# Allods Online



## Xrangex (Jan 27, 2013)

Dude, if you enjoy WoW but cant afford the $15 a month then download Allods Online! Get this game more popular! It is 90% exactly like WoW and it's 100% free to play 

If you end up joining the game pm me, i'm on empire and need some niggas to quest with


----------



## sunni (Jan 27, 2013)

I wouldn't go as far to say its exactly like wow....and its not more popular


----------



## Xrangex (Jan 27, 2013)

sunni said:


> I wouldn't go as far to say its exactly like wow....and its not more popular


I mean after awhile it becomes it's own game and you forget about the similarites, but you gotta admit it's ALOT like WoW. the interface is almost exactly the same. and im not saying its more popular im saying i want more people to play so it gets more popular. its an amazing f2p game and deserves more attention you play?


----------



## sunni (Jan 28, 2013)

Xrangex said:


> I mean after awhile it becomes it's own game and you forget about the similarites, but you gotta admit it's ALOT like WoW. the interface is almost exactly the same. and im not saying its more popular im saying i want more people to play so it gets more popular. its an amazing f2p game and deserves more attention you play?
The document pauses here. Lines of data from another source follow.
(* Let $S$ be a $d\times d$ sample covariance matrix, $\rho\ge0$, and let $\widehat K^\rho$ be the (unique) minimizer over positive definite $K$ of $-\log\det K+\operatorname{tr}(SK)+\rho\sum_{i\neq j}\max\{0,K_{ij}\}$ (the positive graphical lasso). Let $\widehat G^\rho=(V,\widehat E^\rho)$ be the graph on $V=\{1,\dots,d\}$ with edge $ij$ iff $\widehat K^\rho_{ij}\ne0$, and define the modified sample covariance $S^\rho$ by $S^\rho_{ii}=S_{ii}$ and, for $i\ne j$, $S^\rho_{ij}=S_{ij}$ if $\widehat K^\rho_{ij}\le0$ and $S^\rho_{ij}=S_{ij}+\rho$ if $\widehat K^\rho_{ij}>0$. Then $\widehat K^\rho$ is the maximum likelihood estimator under the Gaussian graphical model determined by $\widehat G^\rho$ based on $S^\rho$, i.e. $\widehat K^\rho$ is the unique positive definite matrix $K$ with $K_{ij}=0$ for $ij\notin\widehat E^\rho$ ($i\ne j$) and $(K^{-1})_{ij}=S^\rho_{ij}$ for $i=j$ and for $ij\in\widehat E^\rho$. *)

theory Defs
  imports "HOL-Analysis.Analysis"
begin

definition sample_mean :: "nat \<Rightarrow> (nat \<Rightarrow> real^'n) \<Rightarrow> real^'n" where
  "sample_mean N X = (1 / real N) *\<^sub>R (\<Sum>k=1..N. X k)"

definition sample_cov :: "nat \<Rightarrow> (nat \<Rightarrow> real^'n) \<Rightarrow> real^'n^'n" where
  "sample_cov N X = (\<chi> i j. (1 / real N) *
      (\<Sum>k=1..N. (X k $ i - sample_mean N X $ i) * (X k $ j - sample_mean N X $ j)))"

definition pos_def :: "real^'n^'n \<Rightarrow> bool" where
  "pos_def K \<longleftrightarrow> transpose K = K \<and> (\<forall>x. x \<noteq> 0 \<longrightarrow> x \<bullet> (K *v x) > 0)"

definition pglasso_obj :: "real^'n^'n \<Rightarrow> real \<Rightarrow> real^'n^'n \<Rightarrow> real" where
  "pglasso_obj S \<rho> K = - ln (det K) + trace (S ** K)
      + \<rho> * (\<Sum>i\<in>UNIV. \<Sum>j\<in>UNIV. if i \<noteq> j then max 0 (K $ i $ j) else 0)"

definition is_pglasso_minimizer :: "real^'n^'n \<Rightarrow> real \<Rightarrow> real^'n^'n \<Rightarrow> bool" where
  "is_pglasso_minimizer S \<rho> K \<longleftrightarrow> pos_def K \<and>
     (\<forall>K'. pos_def K' \<longrightarrow> pglasso_obj S \<rho> K \<le> pglasso_obj S \<rho> K')"

definition supp_edges :: "real^'n^'n \<Rightarrow> ('n \<times> 'n) set" where
  "supp_edges K = {(i, j). i \<noteq> j \<and> K $ i $ j \<noteq> 0}"

definition mod_cov :: "real^'n^'n \<Rightarrow> real \<Rightarrow> real^'n^'n \<Rightarrow> real^'n^'n" where
  "mod_cov S \<rho> K = (\<chi> i j. if i \<noteq> j \<and> K $ i $ j > 0 then S $ i $ j + \<rho> else S $ i $ j)"

definition ggm_mle_cond :: "('n \<times> 'n) set \<Rightarrow> real^'n^'n \<Rightarrow> real^'n^'n \<Rightarrow> bool" where
  "ggm_mle_cond E T K \<longleftrightarrow> pos_def K
     \<and> (\<forall>i j. i \<noteq> j \<and> (i, j) \<notin> E \<longrightarrow> K $ i $ j = 0)
     \<and> (\<forall>i j. (i = j \<or> (i, j) \<in> E) \<longrightarrow> matrix_inv K $ i $ j = T $ i $ j)"

definition is_ggm_mle :: "('n \<times> 'n) set \<Rightarrow> real^'n^'n \<Rightarrow> real^'n^'n \<Rightarrow> bool" where
  "is_ggm_mle E T K \<longleftrightarrow> ggm_mle_cond E T K \<and> (\<forall>K'. ggm_mle_cond E T K' \<longrightarrow> K' = K)"

end

theory Submission
  imports Defs
begin

(* Let H_ij be the symmetric matrix with ones exactly at (i,j) and (j,i). At the minimizer K, the
   objective restricted to the line K + t H_ij is differentiable at t = 0 whenever i = j or
   K_ij <> 0, because the penalty is then locally linear in t, with slope 2 rho if K_ij > 0 and
   slope 0 otherwise. Since the derivative of log det along this line is tr (K^-1 H_ij),
   stationarity says exactly that (K^-1)_ij = S^rho_ij on the diagonal and on the edges of the
   support graph. These likelihood equations of the graphical model have at most one positive
   definite solution: if K and K' both solve them, then D = K' - K vanishes off the edges while
   K^-1 - K'^-1 = K^-1 D K'^-1 vanishes on them, so tr (D K^-1 D K'^-1) = 0, which forces D = 0
   because K^-1 and K'^-1 are positive definite. *)

section \<open>Positive definite matrices\<close>

lemma transpose_eq_self_sym:
  fixes A :: "real^'n^'n"
  assumes "transpose A = A"
  shows "A $ j $ i = A $ i $ j"
  using assms by (metis transpose_def vec_lambda_beta)

lemma pos_def_sym:
  fixes K :: "real^'n^'n"
  assumes "pos_def K"
  shows "K $ j $ i = K $ i $ j"
  using assms by (simp add: pos_def_def transpose_eq_self_sym)

lemma pos_def_invertible:
  fixes K :: "real^'n^'n"
  assumes "pos_def K"
  shows "invertible K"
proof -
  have "K *v x = 0 \<Longrightarrow> x = 0" for x
    using assms unfolding pos_def_def by (metis inner_zero_right less_irrefl)
  then show ?thesis
    using matrix_left_invertible_ker invertible_left_inverse by blast
qed

lemma
  fixes A :: "real^'n^'n"
  assumes "invertible A"
  shows matrix_inv_right: "A ** matrix_inv A = mat 1"
    and matrix_inv_left: "matrix_inv A ** A = mat 1"
  using someI_ex[OF assms[unfolded invertible_def]] by (simp_all add: matrix_inv_def)

lemma pos_def_matrix_inv:
  fixes K :: "real^'n^'n"
  assumes "pos_def K"
  shows "pos_def (matrix_inv K)"
  unfolding pos_def_def
proof (intro conjI allI impI)
  let ?P = "matrix_inv K"
  have inv: "invertible K" by (rule pos_def_invertible[OF assms])
  have "transpose K = K" using assms by (simp add: pos_def_def)
  then have "transpose ?P ** K = mat 1"
    by (metis matrix_inv_right[OF inv] matrix_transpose_mul transpose_mat)
  then show "transpose ?P = ?P"
    by (metis matrix_inv_right[OF inv] matrix_mul_assoc matrix_mul_lid matrix_mul_rid)
  fix x :: "real^'n"
  assume "x \<noteq> 0"
  define y where "y = ?P *v x"
  have Ky: "K *v y = x"
    by (simp add: y_def matrix_vector_mul_assoc matrix_inv_right[OF inv])
  then have "y \<noteq> 0" using \<open>x \<noteq> 0\<close> by auto
  then have "0 < y \<bullet> (K *v y)" using assms by (simp add: pos_def_def)
  also have "y \<bullet> (K *v y) = x \<bullet> (?P *v x)" unfolding Ky by (simp add: y_def inner_commute)
  finally show "0 < x \<bullet> (?P *v x)" .
qed

lemma quadratic_form_insert:
  fixes A :: "'a \<Rightarrow> 'a \<Rightarrow> real"
  assumes "finite I" "m \<notin> I" and sym: "\<And>a b. A a b = A b a"
  shows "(\<Sum>a\<in>insert m I. \<Sum>b\<in>insert m I. x a * A a b * x b)
    = A m m * (x m)\<^sup>2 + 2 * x m * (\<Sum>b\<in>I. A m b * x b) + (\<Sum>a\<in>I. \<Sum>b\<in>I. x a * A a b * x b)"
proof -
  have "(\<Sum>a\<in>I. x a * A a m * x m) = x m * (\<Sum>b\<in>I. A m b * x b)"
    by (simp add: sum_distrib_left sym mult_ac)
  then show ?thesis
    using assms(1,2) by (simp add: sum.distrib sum_distrib_left power2_eq_square mult_ac)
qed

lemma pivot_pos_on:
  fixes A :: "'a \<Rightarrow> 'a \<Rightarrow> real"
  assumes "finite I" "m \<notin> I" and sym: "\<And>a b. A a b = A b a"
    and pd: "\<And>x. \<exists>a\<in>insert m I. x a \<noteq> 0
      \<Longrightarrow> 0 < (\<Sum>a\<in>insert m I. \<Sum>b\<in>insert m I. x a * A a b * x b)"
  shows "0 < A m m"
  using pd[of "\<lambda>a. if a \<in> I then 0 else 1"] \<open>m \<notin> I\<close>
  unfolding quadratic_form_insert[OF assms(1,2) sym] by simp

lemma Schur_complement_pos_on:
  fixes A :: "'a \<Rightarrow> 'a \<Rightarrow> real"
  assumes "finite I" "m \<notin> I" and sym: "\<And>a b. A a b = A b a"
    and pd: "\<And>x. \<exists>a\<in>insert m I. x a \<noteq> 0
      \<Longrightarrow> 0 < (\<Sum>a\<in>insert m I. \<Sum>b\<in>insert m I. x a * A a b * x b)"
    and "\<exists>a\<in>I. x a \<noteq> 0"
  shows "0 < (\<Sum>a\<in>I. \<Sum>b\<in>I. x a * (A a b - A a m * A m b / A m m) * x b)"
proof -
  define \<alpha> where "\<alpha> = A m m"
  have "0 < \<alpha>" unfolding \<alpha>_def using assms(1,2) sym pd by (rule pivot_pos_on)
  define s where "s = (\<Sum>b\<in>I. A m b * x b)"
  \<comment> \<open>Completing the square in the coordinate m.\<close>
  define y where "y = x(m := - s / \<alpha>)"
  have y_I: "y b = x b" if "b \<in> I" for b using that \<open>m \<notin> I\<close> by (auto simp: y_def)
  have "\<exists>a\<in>insert m I. y a \<noteq> 0"
    using \<open>\<exists>a\<in>I. x a \<noteq> 0\<close> y_I by auto
  then have "0 < (\<Sum>a\<in>insert m I. \<Sum>b\<in>insert m I. y a * A a b * y b)"
    by (rule pd)
  also have "\<dots> = (\<Sum>a\<in>I. \<Sum>b\<in>I. x a * A a b * x b) - s\<^sup>2 / \<alpha>"
  proof -
    have lin: "(\<Sum>b\<in>I. A m b * y b) = s"
      unfolding s_def by (rule sum.cong) (simp_all add: y_I)
    have rest: "(\<Sum>a\<in>I. \<Sum>b\<in>I. y a * A a b * y b) = (\<Sum>a\<in>I. \<Sum>b\<in>I. x a * A a b * x b)"
      by (intro sum.cong) (simp_all add: y_I)
    have ym: "y m = - s / \<alpha>" by (simp add: y_def)
    show ?thesis
      using \<open>0 < \<alpha>\<close>
      unfolding quadratic_form_insert[OF assms(1,2) sym] lin rest ym \<alpha>_def[symmetric]
      by (simp add: power2_eq_square field_simps)
  qed
  also have "\<dots> = (\<Sum>a\<in>I. \<Sum>b\<in>I. x a * (A a b - A a m * A m b / A m m) * x b)"
  proof -
    have "(\<Sum>a\<in>I. \<Sum>b\<in>I. (x a * A m a) * (A m b * x b)) = s\<^sup>2"
      by (simp add: s_def power2_eq_square sum_product mult.commute)
    then show ?thesis
      using sym by (simp add: \<alpha>_def algebra_simps sum_subtractf sum_divide_distrib[symmetric])
  qed
  finally show ?thesis .
qed

lemma Gram_decomposition_on:
  fixes A :: "'a \<Rightarrow> 'a \<Rightarrow> real"
  assumes "finite I" and "\<And>a b. A a b = A b a"
    and "\<And>x. \<exists>a\<in>I. x a \<noteq> 0 \<Longrightarrow> 0 < (\<Sum>a\<in>I. \<Sum>b\<in>I. x a * A a b * x b)"
  shows "\<exists>v. \<forall>a\<in>I. \<forall>b\<in>I. A a b = (\<Sum>k\<in>I. v k a * v k b)"
  using assms
proof (induction I arbitrary: A rule: finite_induct)
  case empty
  then show ?case by simp
next
  case (insert m I)
  define \<alpha> where "\<alpha> = A m m"
  have "0 < \<alpha>" unfolding \<alpha>_def using insert.hyps insert.prems by (rule pivot_pos_on)
  define A' where "A' a b = A a b - A a m * A m b / \<alpha>" for a b
  have "\<exists>v. \<forall>a\<in>I. \<forall>b\<in>I. A' a b = (\<Sum>k\<in>I. v k a * v k b)"
  proof (rule insert.IH)
    show "A' a b = A' b a" for a b
      using insert.prems(1) by (simp add: A'_def mult.commute)
    show "0 < (\<Sum>a\<in>I. \<Sum>b\<in>I. x a * A' a b * x b)" if "\<exists>a\<in>I. x a \<noteq> 0" for x
      unfolding A'_def \<alpha>_def using insert.hyps insert.prems that by (rule Schur_complement_pos_on)
  qed
  then obtain v where v: "\<And>a b. a \<in> I \<Longrightarrow> b \<in> I \<Longrightarrow> A' a b = (\<Sum>k\<in>I. v k a * v k b)"
    by blast
  define w where "w k a = (if k = m then A m a / sqrt \<alpha> else if a = m then 0 else v k a)" for k a
  have "A a b = (\<Sum>k\<in>insert m I. w k a * w k b)" if "a \<in> insert m I" "b \<in> insert m I" for a b
  proof -
    have sum_w: "(\<Sum>k\<in>insert m I. w k a * w k b)
        = A m a * A m b / \<alpha> + (\<Sum>k\<in>I. (if a = m then 0 else v k a) * (if b = m then 0 else v k b))"
    proof -
      have "(\<Sum>k\<in>I. w k a * w k b)
          = (\<Sum>k\<in>I. (if a = m then 0 else v k a) * (if b = m then 0 else v k b))"
        using insert.hyps(2) by (intro sum.cong) (auto simp: w_def)
      moreover have "w m a * w m b = A m a * A m b / \<alpha>"
        using \<open>0 < \<alpha>\<close> by (simp add: w_def real_sqrt_mult[symmetric])
      ultimately show ?thesis using insert.hyps by simp
    qed
    show ?thesis
    proof (cases "a = m \<or> b = m")
      case True
      then show ?thesis
        using sum_w that insert.prems(1)[of a m] \<open>0 < \<alpha>\<close> by (auto simp: \<alpha>_def)
    next
      case False
      then have "a \<in> I" "b \<in> I" using that by auto
      then show ?thesis
        using sum_w False v[of a b] insert.prems(1)[of a m] by (simp add: A'_def algebra_simps)
    qed
  qed
  then show ?case by blast
qed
while the game has amazing aesthetic purposes, I didn't really like it, I generally don't like games that are "FREE" to play but have a cash shop in them I don't like the idea of others getting special privileges because they used real money , when it's marketed as a free to play game because as a user I would be obviously playing for the sole purpose it is free to play or I would pay for wow as a user. And while the game has been out for a few years now I played when it first came out, I didn't too much like their customer support, or their questing , the questing I found to be terrible, and apparently after reading /hearing things I wasn't the only one to complain about it. Ontop of that the small player population makes the game, harder to find buddies to quest or do dungeons, ect, . The game however does set a standard for F2P MMORPGS, and hopefully the Dev's will create and change and make the game better as time goes on, for me it wasn't my cup of tea. 
Hopefully someone will play with you though ! ^_^


----------



## Snowed (Feb 10, 2013)

I havn't really played those games too much but I think i Tried allods with a buddy back in the day.. might hop on and give it a shot if i can get around to downloadin it


----------



## fookey (Feb 19, 2013)

I was in beta, I thought it was alright. Played some a year after release and felt the same. I also felt the same way when WoW went F2P for the first 10 levels or whatever. I kinda got out of MMOs after SWG (2 years strong 2-3 accounts @ 15 a month) went NGE and ruined my tailor/BE class (Jenkey on Ahazi) and pre-CU Jedi. 

There were a couple MMOs I was interested in but kinda failed in my book. I tried getting into SWToR but that was also a no go for me, now that it is F2P I'll check in every once in a while.

Glad you found an MMO that you enjoy! wish I had the same luck. Just seems like I am growing out of the gaming stage.


----------